== Segment start ==

lemma mult_pencil: "(A + s *\<^sub>R B) *v x = A *v x + s *\<^sub>R (B *v (x :: real^'n))"
  by (simp add: matrix_vector_mult_add_rdistrib scaleR_matrix_vector_assoc[symmetric])

lemma inner_mult_pencil:
  "x \<bullet> ((A + s *\<^sub>R B) *v x) = x \<bullet> (A *v x) + s * (x \<bullet> (B *v (x :: real^'n)))"
  by (simp only: mult_pencil inner_add_right inner_scaleR_right)

lemma quad_fun_pencil:
  "quad_fun (A + s *\<^sub>R B) (f + s *\<^sub>R g) x = quad_fun A f x + s * quad_fun B g x"
  unfolding quad_fun_def inner_mult_pencil by (simp add: inner_add_left algebra_simps)

lemma quad_fun_add_scaleR:
  "quad_fun M h (x + t *\<^sub>R w) =
     quad_fun M h x + t * (x \<bullet> (M *v w) + w \<bullet> (M *v x) - 2 * (h \<bullet> w)) + t\<^sup>2 * (w \<bullet> (M *v w))"
  unfolding quad_fun_def
  by (simp add: matrix_vector_right_distrib matrix_vector_mult_scaleR inner_add_left inner_add_right
      power2_eq_square algebra_simps)

lemma quad_fun_add_scaleR_symmetric:
  fixes M :: "real^'n^'n"
  assumes "symmetric_mat M"
  shows "quad_fun M h (x + t *\<^sub>R w) =
           quad_fun M h x + 2 * t * ((M *v x - h) \<bullet> w) + t\<^sup>2 * (w \<bullet> (M *v w))"
  using inner_mult_symmetric[OF assms, of x w]
  by (simp add: quad_fun_add_scaleR inner_diff_left inner_commute algebra_simps)

lemma quad_fun_add_null:
  fixes M :: "real^'n^'n"
  assumes "symmetric_mat M" "M *v n = 0" "h \<bullet> n = 0"
  shows "quad_fun M h (x + n) = quad_fun M h x"
  using quad_fun_add_scaleR_symmetric[OF assms(1), of h x 1 n]
    inner_mult_symmetric[OF assms(1), of x n] assms(2,3)
  by (simp add: inner_diff_left)

lemma continuous_on_quad_fun: "continuous_on S (quad_fun M h)"
  unfolding quad_fun_def by (intro continuous_intros)

lemma slope_eq_0_if_bdd_below:
  fixes c K :: real
  assumes "\<And>t. K \<le> t * c"
  shows "c = 0"
proof (rule ccontr)
  assume "c \<noteq> 0"
  have "K \<le> (- (\<bar>K\<bar> + 1) / c) * c" by (rule assms)
  also have "\<dots> = - (\<bar>K\<bar> + 1)" using \<open>c \<noteq> 0\<close> by simp
  finally show False by simp
qed

lemma leading_coeff_nonneg_if_nonneg:
  fixes a b c :: real
  assumes "\<And>t. t > 0 \<Longrightarrow> 0 \<le> a + b * t + c * t\<^sup>2"
  shows "0 \<le> c"
proof (rule tendsto_lowerbound)
  have "((\<lambda>t. a * (inverse t)\<^sup>2 + b * inverse t + c) \<longlongrightarrow> a * 0\<^sup>2 + b * 0 + c) at_top"
    by (intro tendsto_intros tendsto_inverse_0_at_top filterlim_ident)
  then show "((\<lambda>t. a * (inverse t)\<^sup>2 + b * inverse t + c) \<longlongrightarrow> c) at_top" by simp
  show "\<forall>\<^sub>F t in at_top. 0 \<le> a * (inverse t)\<^sup>2 + b * inverse t + c"
    using eventually_gt_at_top[of 0]
  proof eventually_elim
    case (elim t)
    have "a * (inverse t)\<^sup>2 + b * inverse t + c = (a + b * t + c * t\<^sup>2) / t\<^sup>2"
      using elim by (simp add: field_simps power2_eq_square)
    then show ?case using assms[OF elim] by simp
  qed
qed simp

lemma linear_coeff_nonneg_if_nonneg:
  fixes a b :: real
  assumes "\<And>t. t > 0 \<Longrightarrow> 0 \<le> t * a + t\<^sup>2 * b"
  shows "0 \<le> a"
proof (rule tendsto_lowerbound)
  have "((\<lambda>t. a + t * b) \<longlongrightarrow> a + 0 * b) (at_right 0)"
    by (intro tendsto_intros)
  then show "((\<lambda>t. a + t * b) \<longlongrightarrow> a) (at_right 0)" by simp
  show "\<forall>\<^sub>F t in at_right 0. 0 \<le> a + t * b"
    unfolding eventually_at_right_field
  proof (intro exI[of _ 1] conjI allI impI)
    fix t :: real assume "0 < t" "t < 1"
    then have "a + t * b = (t * a + t\<^sup>2 * b) / t" by (simp add: field_simps power2_eq_square)
    with \<open>0 < t\<close> assms[of t] show "0 \<le> a + t * b" by simp
  qed simp
qed simp

lemma linear_coeff_eq_0_if_nonneg:
  fixes a b :: real
  assumes "\<And>t. 0 \<le> 2 * t * a + t\<^sup>2 * b"
  shows "a = 0"
proof -
  have "0 \<le> 2 * a"
  proof (rule linear_coeff_nonneg_if_nonneg)
    show "0 \<le> t * (2 * a) + t\<^sup>2 * b" for t using assms[of t] by (simp add: mult.assoc)
  qed
  moreover have "0 \<le> - 2 * a"
  proof (rule linear_coeff_nonneg_if_nonneg)
    show "0 \<le> t * (- 2 * a) + t\<^sup>2 * b" for t using assms[of "- t"] by simp
  qed
  ultimately show ?thesis by simp
qed

lemma psd_form_eq_0_imp_mult_eq_0:
  fixes M :: "real^'n^'n"
  assumes "symmetric_mat M" "psd M" "x \<bullet> (M *v x) = 0"
  shows "M *v x = 0"
proof -
  have "0 \<le> 2 * t * ((M *v x) \<bullet> w) + t\<^sup>2 * (w \<bullet> (M *v w))" for t w
    using assms(2)[unfolded psd_def, rule_format, of "x + t *\<^sub>R w"] assms(3)
      quad_fun_add_scaleR_symmetric[OF assms(1), of 0 x t w]
    by (simp add: quad_fun_def)
  then have "(M *v x) \<bullet> (M *v x) = 0" by (rule linear_coeff_eq_0_if_nonneg)
  then show ?thesis by simp
qed

lemma quad_fun_minimal_if_stationary:
  fixes M :: "real^'n^'n"
  assumes "symmetric_mat M" "psd M" "M *v x = h"
  shows "quad_fun M h x \<le> quad_fun M h y"
  using quad_fun_add_scaleR_symmetric[OF assms(1), of h x 1 "y - x"] assms(2,3)
  by (simp add: psd_def)

lemma stationary_if_quad_fun_minimal:
  fixes M :: "real^'n^'n"
  assumes "symmetric_mat M" "\<And>y. quad_fun M h x \<le> quad_fun M h y"
  shows "M *v x = h"
proof -
  let ?d = "M *v x - h"
  have "0 \<le> 2 * t * (?d \<bullet> ?d) + t\<^sup>2 * (?d \<bullet> (M *v ?d))" for t
    using assms(2)[of "x + t *\<^sub>R ?d"] quad_fun_add_scaleR_symmetric[OF assms(1), of h x t ?d]
    by simp
  then have "?d \<bullet> ?d = 0" by (rule linear_coeff_eq_0_if_nonneg)
  then show ?thesis by simp
qed

lemma orthogonal_null_space_if_quad_fun_bdd_below:
  fixes M :: "real^'n^'n"
  assumes "\<And>x. K \<le> quad_fun M h x" and "n \<in> null_space M"
  shows "h \<bullet> n = 0"
proof -
  have "K \<le> t * (- 2 * (h \<bullet> n))" for t
    using assms(1)[of "t *\<^sub>R n"] assms(2)
    by (simp add: quad_fun_def null_space_def matrix_vector_mult_scaleR)
  then show ?thesis using slope_eq_0_if_bdd_below by fastforce
qed

lemma symmetric_range_orthogonal_null_space:
  fixes M :: "real^'n^'n"
  assumes "symmetric_mat M" "n \<in> null_space M"
  shows "(M *v z) \<bullet> n = 0"
  using inner_mult_symmetric[OF assms(1), of z n] assms(2) by (simp add: null_space_def)

lemma symmetric_range_inter_null_space:
  fixes M :: "real^'n^'n"
  assumes "symmetric_mat M" "u \<in> range ((*v) M)" "M *v u = 0"
  shows "u = 0"
proof -
  obtain z where "u = M *v z" using assms(2) by blast
  then have "u \<bullet> u = 0"
    using symmetric_range_orthogonal_null_space[OF assms(1), of u z] assms(3)
    by (simp add: null_space_def)
  then show ?thesis by simp
qed

lemma inj_on_range_symmetric:
  fixes M :: "real^'n^'n"
  assumes "symmetric_mat M"
  shows "inj_on ((*v) M) (range ((*v) M))"
proof (rule inj_onI)
  fix u v assume "u \<in> range ((*v) M)" "v \<in> range ((*v) M)" "M *v u = M *v v"
  moreover have "subspace (range ((*v) M))"
    by (intro linear_subspace_image subspace_UNIV matrix_vector_mul_linear)
  ultimately have "u - v \<in> range ((*v) M)" "M *v (u - v) = 0"
    by (simp_all add: subspace_diff matrix_vector_mult_diff_distrib)
  then have "u - v = 0" by (rule symmetric_range_inter_null_space[OF assms])
  then show "u = v" by simp
qed

lemma psd_coercive_on_range:
  fixes M :: "real^'n^'n"
  assumes "symmetric_mat M" "psd M"
  obtains c where "c > 0" "\<And>y. y \<in> range ((*v) M) \<Longrightarrow> c * (norm y)\<^sup>2 \<le> y \<bullet> (M *v y)"
proof -
  let ?R = "range ((*v) M)"
  have subR: "subspace ?R"
    by (intro linear_subspace_image subspace_UNIV matrix_vector_mul_linear)
  let ?S = "sphere 0 1 \<inter> ?R"
  have pos: "0 < y \<bullet> (M *v y)" if "y \<in> ?S" for y
  proof -
    have "y \<noteq> 0" using that by auto
    then have "y \<bullet> (M *v y) \<noteq> 0"
      using that symmetric_range_inter_null_space[OF assms(1), of y]
        psd_form_eq_0_imp_mult_eq_0[OF assms, of y] by blast
    with assms(2) show ?thesis by (simp add: psd_def order_less_le)
  qed
  obtain c where "c > 0" and c: "\<And>y. y \<in> ?S \<Longrightarrow> c \<le> y \<bullet> (M *v y)"
  proof (cases "?S = {}")
    case True
    then show ?thesis by (intro that[of 1]) auto
  next
    case False
    have "compact ?S" by (intro compact_Int_closed compact_sphere closed_subspace subR)
    moreover have "continuous_on ?S (\<lambda>y. y \<bullet> (M *v y))" by (intro continuous_intros)
    ultimately obtain y0 where "y0 \<in> ?S" "\<And>y. y \<in> ?S \<Longrightarrow> y0 \<bullet> (M *v y0) \<le> y \<bullet> (M *v y)"
      using continuous_attains_inf[of ?S] False by blast
    with pos show ?thesis by (intro that[of "y0 \<bullet> (M *v y0)"]) auto
  qed
  have "c * (norm y)\<^sup>2 \<le> y \<bullet> (M *v y)" if "y \<in> ?R" for y
  proof (cases "y = 0")
    case False
    let ?u = "(1 / norm y) *\<^sub>R y"
    have "?u \<in> ?R" using that subspace_scale[OF subR] by blast
    moreover have "norm ?u = 1" using False by simp
    ultimately have "?u \<in> ?S" by simp
    then have "c \<le> ?u \<bullet> (M *v ?u)" by (rule c)
    also have "\<dots> = (y \<bullet> (M *v y)) / (norm y)\<^sup>2"
      by (simp add: matrix_vector_mult_scaleR power2_eq_square)
    finally show ?thesis using False by (simp add: field_simps)
  qed simp
  with \<open>c > 0\<close> show ?thesis using that by blast
qed

section \<open>The pseudoinverse of a symmetric matrix\<close>

definition penrose_conditions :: "real^'n^'m \<Rightarrow> real^'m^'n \<Rightarrow> bool" where
  "penrose_conditions M X \<longleftrightarrow> M ** X ** M = M \<and> X ** M ** X = X \<and>
     transpose (M ** X) = M ** X \<and> transpose (X ** M) = X ** M"

lemma penrose_conditions_unique:
  assumes "penrose_conditions M X" "penrose_conditions M Y"
  shows "X = Y"
proof -
  have x1: "M ** X ** M = M" and x2: "X ** M ** X = X" and x3: "transpose (M ** X) = M ** X"
    and x4: "transpose (X ** M) = X ** M" using assms(1) by (auto simp: penrose_conditions_def)
  have y1: "M ** Y ** M = M" and y2: "Y ** M ** Y = Y" and y3: "transpose (M ** Y) = M ** Y"
    and y4: "transpose (Y ** M) = Y ** M" using assms(2) by (auto simp: penrose_conditions_def)
  have "X = X ** transpose (M ** X)" using x2 x3 by (simp add: matrix_mul_assoc)
  also have "\<dots> = X ** transpose X ** transpose (M ** Y ** M)"
    using y1 by (simp add: matrix_transpose_mul matrix_mul_assoc)
  also have "\<dots> = X ** transpose (M ** X) ** (M ** Y)"
    using y3 by (simp add: matrix_transpose_mul matrix_mul_assoc)
  also have "\<dots> = X ** M ** Y" using x2 x3 by (simp add: matrix_mul_assoc)
  finally have X: "X = X ** M ** Y" .
  have "Y = transpose (Y ** M) ** Y" using y2 y4 by simp
  also have "\<dots> = transpose (M ** X ** M) ** transpose Y ** Y"
    using x1 by (simp add: matrix_transpose_mul)
  also have "\<dots> = (X ** M) ** transpose (Y ** M) ** Y"
    using x4 by (simp add: matrix_transpose_mul matrix_mul_assoc)
  also have "\<dots> = X ** M ** (Y ** M ** Y)" using y4 by (simp add: matrix_mul_assoc)
  also have "\<dots> = X ** M ** Y" using y2 by simp
  finally have "Y = X ** M ** Y" .
  with X show ?thesis by simp
qed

== Segment end ==

■ Work task ■
Starting at the line with "then show ?thesis using" and ending at the line with "(M *v y) \<noteq>", print each line of the listing above exactly, with no other lines.

■ Finished task ■
  then show ?thesis using slope_eq_0_if_bdd_below by fastforce
qed

lemma symmetric_range_orthogonal_null_space:
  fixes M :: "real^'n^'n"
  assumes "symmetric_mat M" "n \<in> null_space M"
  shows "(M *v z) \<bullet> n = 0"
  using inner_mult_symmetric[OF assms(1), of z n] assms(2) by (simp add: null_space_def)

lemma symmetric_range_inter_null_space:
  fixes M :: "real^'n^'n"
  assumes "symmetric_mat M" "u \<in> range ((*v) M)" "M *v u = 0"
  shows "u = 0"
proof -
  obtain z where "u = M *v z" using assms(2) by blast
  then have "u \<bullet> u = 0"
    using symmetric_range_orthogonal_null_space[OF assms(1), of u z] assms(3)
    by (simp add: null_space_def)
  then show ?thesis by simp
qed

lemma inj_on_range_symmetric:
  fixes M :: "real^'n^'n"
  assumes "symmetric_mat M"
  shows "inj_on ((*v) M) (range ((*v) M))"
proof (rule inj_onI)
  fix u v assume "u \<in> range ((*v) M)" "v \<in> range ((*v) M)" "M *v u = M *v v"
  moreover have "subspace (range ((*v) M))"
    by (intro linear_subspace_image subspace_UNIV matrix_vector_mul_linear)
  ultimately have "u - v \<in> range ((*v) M)" "M *v (u - v) = 0"
    by (simp_all add: subspace_diff matrix_vector_mult_diff_distrib)
  then have "u - v = 0" by (rule symmetric_range_inter_null_space[OF assms])
  then show "u = v" by simp
qed

lemma psd_coercive_on_range:
  fixes M :: "real^'n^'n"
  assumes "symmetric_mat M" "psd M"
  obtains c where "c > 0" "\<And>y. y \<in> range ((*v) M) \<Longrightarrow> c * (norm y)\<^sup>2 \<le> y \<bullet> (M *v y)"
proof -
  let ?R = "range ((*v) M)"
  have subR: "subspace ?R"
    by (intro linear_subspace_image subspace_UNIV matrix_vector_mul_linear)
  let ?S = "sphere 0 1 \<inter> ?R"
  have pos: "0 < y \<bullet> (M *v y)" if "y \<in> ?S" for y
  proof -
    have "y \<noteq> 0" using that by auto
    then have "y \<bullet> (M *v y) \<noteq> 0"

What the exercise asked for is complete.